Assigned task: Tell how many lines in the following entries include the word "impI", giving the figure alone.

++++ Task input ++++

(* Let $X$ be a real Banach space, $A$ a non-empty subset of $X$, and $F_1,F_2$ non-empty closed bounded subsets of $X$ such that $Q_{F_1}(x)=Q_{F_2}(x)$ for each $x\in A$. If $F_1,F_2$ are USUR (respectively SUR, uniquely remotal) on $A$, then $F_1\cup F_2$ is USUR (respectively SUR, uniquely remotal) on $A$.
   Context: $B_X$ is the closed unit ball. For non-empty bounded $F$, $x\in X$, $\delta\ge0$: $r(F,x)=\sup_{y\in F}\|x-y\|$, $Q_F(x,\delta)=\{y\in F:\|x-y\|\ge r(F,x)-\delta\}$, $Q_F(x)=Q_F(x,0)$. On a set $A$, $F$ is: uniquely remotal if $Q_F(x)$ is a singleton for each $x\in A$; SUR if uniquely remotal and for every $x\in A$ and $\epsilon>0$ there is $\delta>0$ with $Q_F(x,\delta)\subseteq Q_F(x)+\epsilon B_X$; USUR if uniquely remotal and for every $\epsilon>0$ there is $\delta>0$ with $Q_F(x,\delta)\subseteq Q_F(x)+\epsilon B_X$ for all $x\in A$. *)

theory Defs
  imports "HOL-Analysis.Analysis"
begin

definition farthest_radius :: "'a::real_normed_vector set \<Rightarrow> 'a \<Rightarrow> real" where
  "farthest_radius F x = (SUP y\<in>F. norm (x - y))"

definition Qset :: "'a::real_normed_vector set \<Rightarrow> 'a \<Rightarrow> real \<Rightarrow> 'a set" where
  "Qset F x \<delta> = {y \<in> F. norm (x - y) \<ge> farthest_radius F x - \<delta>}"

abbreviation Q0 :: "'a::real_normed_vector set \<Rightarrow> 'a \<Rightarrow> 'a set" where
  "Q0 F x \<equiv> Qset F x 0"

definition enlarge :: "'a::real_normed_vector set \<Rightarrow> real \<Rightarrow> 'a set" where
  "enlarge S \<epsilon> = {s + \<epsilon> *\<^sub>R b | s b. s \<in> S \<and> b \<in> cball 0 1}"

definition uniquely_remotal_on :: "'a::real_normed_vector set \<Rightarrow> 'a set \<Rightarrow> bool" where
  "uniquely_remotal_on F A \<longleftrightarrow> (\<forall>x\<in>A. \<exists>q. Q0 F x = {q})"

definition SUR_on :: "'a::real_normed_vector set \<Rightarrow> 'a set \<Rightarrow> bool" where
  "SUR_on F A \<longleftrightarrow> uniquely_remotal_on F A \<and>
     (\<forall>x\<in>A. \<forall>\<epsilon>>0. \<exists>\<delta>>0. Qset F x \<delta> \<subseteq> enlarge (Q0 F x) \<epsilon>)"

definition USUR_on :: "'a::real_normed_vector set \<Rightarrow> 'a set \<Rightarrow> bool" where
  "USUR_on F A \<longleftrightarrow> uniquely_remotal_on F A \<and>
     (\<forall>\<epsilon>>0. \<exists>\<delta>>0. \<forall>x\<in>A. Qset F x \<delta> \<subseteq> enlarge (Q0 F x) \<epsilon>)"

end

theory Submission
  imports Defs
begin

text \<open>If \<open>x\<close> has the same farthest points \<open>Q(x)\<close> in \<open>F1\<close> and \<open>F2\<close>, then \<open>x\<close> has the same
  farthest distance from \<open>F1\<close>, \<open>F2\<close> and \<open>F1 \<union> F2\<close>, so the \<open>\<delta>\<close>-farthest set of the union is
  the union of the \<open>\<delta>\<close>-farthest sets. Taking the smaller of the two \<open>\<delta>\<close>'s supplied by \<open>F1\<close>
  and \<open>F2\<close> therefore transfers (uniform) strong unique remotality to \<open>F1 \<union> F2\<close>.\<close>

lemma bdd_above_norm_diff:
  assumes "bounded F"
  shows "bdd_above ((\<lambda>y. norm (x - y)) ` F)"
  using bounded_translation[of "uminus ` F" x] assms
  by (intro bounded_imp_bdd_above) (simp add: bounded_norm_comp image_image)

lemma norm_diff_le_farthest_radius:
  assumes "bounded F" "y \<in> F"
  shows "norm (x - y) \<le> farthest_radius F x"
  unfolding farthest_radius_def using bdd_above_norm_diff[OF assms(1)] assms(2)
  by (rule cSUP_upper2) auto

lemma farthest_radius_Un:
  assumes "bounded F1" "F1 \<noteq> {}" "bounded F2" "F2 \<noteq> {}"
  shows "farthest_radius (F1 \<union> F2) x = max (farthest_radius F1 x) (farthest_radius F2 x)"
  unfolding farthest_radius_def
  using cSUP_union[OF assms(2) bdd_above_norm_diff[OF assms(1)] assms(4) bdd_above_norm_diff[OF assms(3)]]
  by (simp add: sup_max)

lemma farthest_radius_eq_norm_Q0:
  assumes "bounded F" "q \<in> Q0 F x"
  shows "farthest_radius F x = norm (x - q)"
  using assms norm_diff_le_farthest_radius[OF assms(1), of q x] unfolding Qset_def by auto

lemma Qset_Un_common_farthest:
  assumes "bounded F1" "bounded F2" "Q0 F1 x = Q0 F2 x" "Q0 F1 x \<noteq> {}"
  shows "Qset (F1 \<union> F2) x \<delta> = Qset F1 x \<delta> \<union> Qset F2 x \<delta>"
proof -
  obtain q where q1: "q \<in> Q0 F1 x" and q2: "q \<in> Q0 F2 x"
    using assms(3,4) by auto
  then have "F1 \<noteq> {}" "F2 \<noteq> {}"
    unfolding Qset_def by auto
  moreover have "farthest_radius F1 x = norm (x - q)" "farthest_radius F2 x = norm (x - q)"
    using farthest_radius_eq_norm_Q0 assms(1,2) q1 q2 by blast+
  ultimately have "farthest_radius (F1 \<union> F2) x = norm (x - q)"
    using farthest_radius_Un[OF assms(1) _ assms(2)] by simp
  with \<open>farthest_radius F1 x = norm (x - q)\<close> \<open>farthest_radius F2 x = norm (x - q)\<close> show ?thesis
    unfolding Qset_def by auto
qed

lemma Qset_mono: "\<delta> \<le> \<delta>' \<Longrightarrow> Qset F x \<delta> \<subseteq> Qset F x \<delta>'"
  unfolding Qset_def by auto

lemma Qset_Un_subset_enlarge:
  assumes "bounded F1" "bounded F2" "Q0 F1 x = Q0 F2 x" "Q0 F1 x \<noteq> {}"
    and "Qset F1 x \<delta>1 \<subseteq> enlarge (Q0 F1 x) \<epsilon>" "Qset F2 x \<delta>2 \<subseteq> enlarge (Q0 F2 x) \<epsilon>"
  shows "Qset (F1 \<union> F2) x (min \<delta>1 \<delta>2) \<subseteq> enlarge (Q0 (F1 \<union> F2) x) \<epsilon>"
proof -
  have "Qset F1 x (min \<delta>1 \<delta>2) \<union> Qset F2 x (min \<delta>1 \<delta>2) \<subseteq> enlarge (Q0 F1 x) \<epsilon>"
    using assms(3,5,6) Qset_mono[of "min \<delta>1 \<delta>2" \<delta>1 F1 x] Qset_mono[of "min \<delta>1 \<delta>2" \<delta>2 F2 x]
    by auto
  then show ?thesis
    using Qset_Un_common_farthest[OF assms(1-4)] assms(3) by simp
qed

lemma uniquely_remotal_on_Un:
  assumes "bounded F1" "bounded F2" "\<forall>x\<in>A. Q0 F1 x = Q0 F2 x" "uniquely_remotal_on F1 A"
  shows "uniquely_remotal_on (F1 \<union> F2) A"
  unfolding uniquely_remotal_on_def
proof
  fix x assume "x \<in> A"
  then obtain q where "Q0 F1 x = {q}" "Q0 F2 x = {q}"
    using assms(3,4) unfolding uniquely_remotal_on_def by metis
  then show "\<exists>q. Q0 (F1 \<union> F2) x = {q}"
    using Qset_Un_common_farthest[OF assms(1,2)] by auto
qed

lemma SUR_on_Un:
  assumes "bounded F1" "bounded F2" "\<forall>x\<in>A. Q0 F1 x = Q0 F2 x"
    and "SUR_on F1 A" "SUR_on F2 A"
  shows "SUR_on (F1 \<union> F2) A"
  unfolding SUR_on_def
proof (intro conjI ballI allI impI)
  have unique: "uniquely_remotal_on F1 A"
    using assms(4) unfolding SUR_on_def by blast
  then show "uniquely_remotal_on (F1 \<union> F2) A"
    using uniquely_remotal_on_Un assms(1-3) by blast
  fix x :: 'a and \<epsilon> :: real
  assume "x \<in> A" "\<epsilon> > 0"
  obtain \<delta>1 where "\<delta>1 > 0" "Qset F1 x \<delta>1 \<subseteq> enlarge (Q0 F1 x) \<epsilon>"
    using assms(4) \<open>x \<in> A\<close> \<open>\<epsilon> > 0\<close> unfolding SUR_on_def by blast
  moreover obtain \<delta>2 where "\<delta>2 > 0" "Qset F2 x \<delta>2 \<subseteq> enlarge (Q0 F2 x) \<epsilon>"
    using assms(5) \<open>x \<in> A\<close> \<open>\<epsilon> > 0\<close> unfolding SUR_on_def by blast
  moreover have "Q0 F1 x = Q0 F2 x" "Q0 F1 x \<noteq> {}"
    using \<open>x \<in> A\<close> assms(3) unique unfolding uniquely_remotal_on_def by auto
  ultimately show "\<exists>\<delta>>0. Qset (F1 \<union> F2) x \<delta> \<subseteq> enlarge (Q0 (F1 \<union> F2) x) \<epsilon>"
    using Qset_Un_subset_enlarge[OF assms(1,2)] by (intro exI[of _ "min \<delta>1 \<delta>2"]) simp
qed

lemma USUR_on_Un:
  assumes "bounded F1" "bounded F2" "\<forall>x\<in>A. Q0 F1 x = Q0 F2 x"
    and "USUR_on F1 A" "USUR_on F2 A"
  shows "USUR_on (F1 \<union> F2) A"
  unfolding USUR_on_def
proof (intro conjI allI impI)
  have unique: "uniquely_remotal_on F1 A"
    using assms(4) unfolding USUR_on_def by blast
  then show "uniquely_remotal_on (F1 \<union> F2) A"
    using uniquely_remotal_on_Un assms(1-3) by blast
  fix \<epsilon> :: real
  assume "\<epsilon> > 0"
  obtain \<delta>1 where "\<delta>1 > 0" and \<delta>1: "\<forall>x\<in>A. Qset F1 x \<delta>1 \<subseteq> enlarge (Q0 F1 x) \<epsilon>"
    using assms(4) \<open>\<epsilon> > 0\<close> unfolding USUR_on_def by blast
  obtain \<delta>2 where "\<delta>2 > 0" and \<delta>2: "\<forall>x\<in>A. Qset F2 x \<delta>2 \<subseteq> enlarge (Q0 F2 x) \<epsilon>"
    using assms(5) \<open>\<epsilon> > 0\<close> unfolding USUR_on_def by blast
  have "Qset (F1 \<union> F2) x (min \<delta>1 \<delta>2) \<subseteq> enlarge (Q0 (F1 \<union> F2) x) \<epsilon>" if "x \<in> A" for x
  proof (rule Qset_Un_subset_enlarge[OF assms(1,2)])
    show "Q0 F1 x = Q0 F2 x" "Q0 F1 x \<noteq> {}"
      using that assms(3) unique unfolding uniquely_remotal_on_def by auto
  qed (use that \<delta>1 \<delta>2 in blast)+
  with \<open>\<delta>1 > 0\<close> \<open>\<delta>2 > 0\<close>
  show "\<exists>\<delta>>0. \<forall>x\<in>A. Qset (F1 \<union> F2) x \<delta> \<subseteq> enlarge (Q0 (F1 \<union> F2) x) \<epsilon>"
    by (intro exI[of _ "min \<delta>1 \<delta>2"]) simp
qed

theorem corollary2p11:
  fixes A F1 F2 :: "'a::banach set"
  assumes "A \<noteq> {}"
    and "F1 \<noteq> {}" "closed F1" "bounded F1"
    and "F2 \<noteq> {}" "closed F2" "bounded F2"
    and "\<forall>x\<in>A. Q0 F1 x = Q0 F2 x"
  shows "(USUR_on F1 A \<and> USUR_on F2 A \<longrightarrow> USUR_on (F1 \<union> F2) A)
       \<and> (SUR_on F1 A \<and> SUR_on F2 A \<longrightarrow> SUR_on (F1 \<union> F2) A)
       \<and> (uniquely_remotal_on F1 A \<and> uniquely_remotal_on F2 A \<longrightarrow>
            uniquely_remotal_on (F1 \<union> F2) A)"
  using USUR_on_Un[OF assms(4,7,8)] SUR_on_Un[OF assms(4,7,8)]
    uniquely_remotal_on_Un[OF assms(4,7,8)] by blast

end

++++
++++ Task input ++++

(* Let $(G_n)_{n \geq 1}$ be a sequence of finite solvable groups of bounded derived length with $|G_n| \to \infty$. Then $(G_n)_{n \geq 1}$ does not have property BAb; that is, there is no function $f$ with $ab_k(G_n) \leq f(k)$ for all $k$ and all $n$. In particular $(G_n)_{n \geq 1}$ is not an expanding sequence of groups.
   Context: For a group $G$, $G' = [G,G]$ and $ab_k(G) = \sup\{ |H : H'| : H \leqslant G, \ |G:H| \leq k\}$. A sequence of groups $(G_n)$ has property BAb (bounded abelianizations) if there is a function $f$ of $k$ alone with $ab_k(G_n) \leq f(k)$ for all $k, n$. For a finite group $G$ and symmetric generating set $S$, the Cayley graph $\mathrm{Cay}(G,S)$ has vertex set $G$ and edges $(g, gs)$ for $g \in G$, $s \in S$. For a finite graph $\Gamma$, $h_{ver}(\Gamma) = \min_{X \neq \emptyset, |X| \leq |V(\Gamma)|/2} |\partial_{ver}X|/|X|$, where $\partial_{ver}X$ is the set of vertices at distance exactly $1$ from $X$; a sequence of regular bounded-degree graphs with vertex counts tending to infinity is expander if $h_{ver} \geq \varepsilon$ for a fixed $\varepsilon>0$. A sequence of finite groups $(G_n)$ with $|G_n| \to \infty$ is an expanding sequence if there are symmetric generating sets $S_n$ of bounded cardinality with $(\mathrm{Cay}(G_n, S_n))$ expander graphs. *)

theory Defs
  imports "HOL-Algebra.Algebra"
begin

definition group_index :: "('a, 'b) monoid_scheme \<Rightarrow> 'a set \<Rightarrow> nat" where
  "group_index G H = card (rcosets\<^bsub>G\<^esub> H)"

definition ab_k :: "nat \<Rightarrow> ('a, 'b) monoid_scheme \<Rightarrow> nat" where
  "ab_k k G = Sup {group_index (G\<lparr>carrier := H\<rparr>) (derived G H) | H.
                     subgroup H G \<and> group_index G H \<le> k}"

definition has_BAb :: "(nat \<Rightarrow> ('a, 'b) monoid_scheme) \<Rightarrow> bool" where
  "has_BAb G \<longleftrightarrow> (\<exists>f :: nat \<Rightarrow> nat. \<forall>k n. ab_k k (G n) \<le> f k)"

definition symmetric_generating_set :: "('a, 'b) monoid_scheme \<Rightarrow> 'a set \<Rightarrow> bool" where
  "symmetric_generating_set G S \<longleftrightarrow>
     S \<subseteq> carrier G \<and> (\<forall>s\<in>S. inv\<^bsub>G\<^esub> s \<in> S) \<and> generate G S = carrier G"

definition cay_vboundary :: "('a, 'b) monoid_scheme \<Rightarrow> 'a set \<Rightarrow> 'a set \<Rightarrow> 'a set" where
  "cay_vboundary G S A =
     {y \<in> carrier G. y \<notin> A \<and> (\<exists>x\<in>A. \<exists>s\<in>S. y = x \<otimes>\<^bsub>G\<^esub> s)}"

++++

Answer to the exercise: 2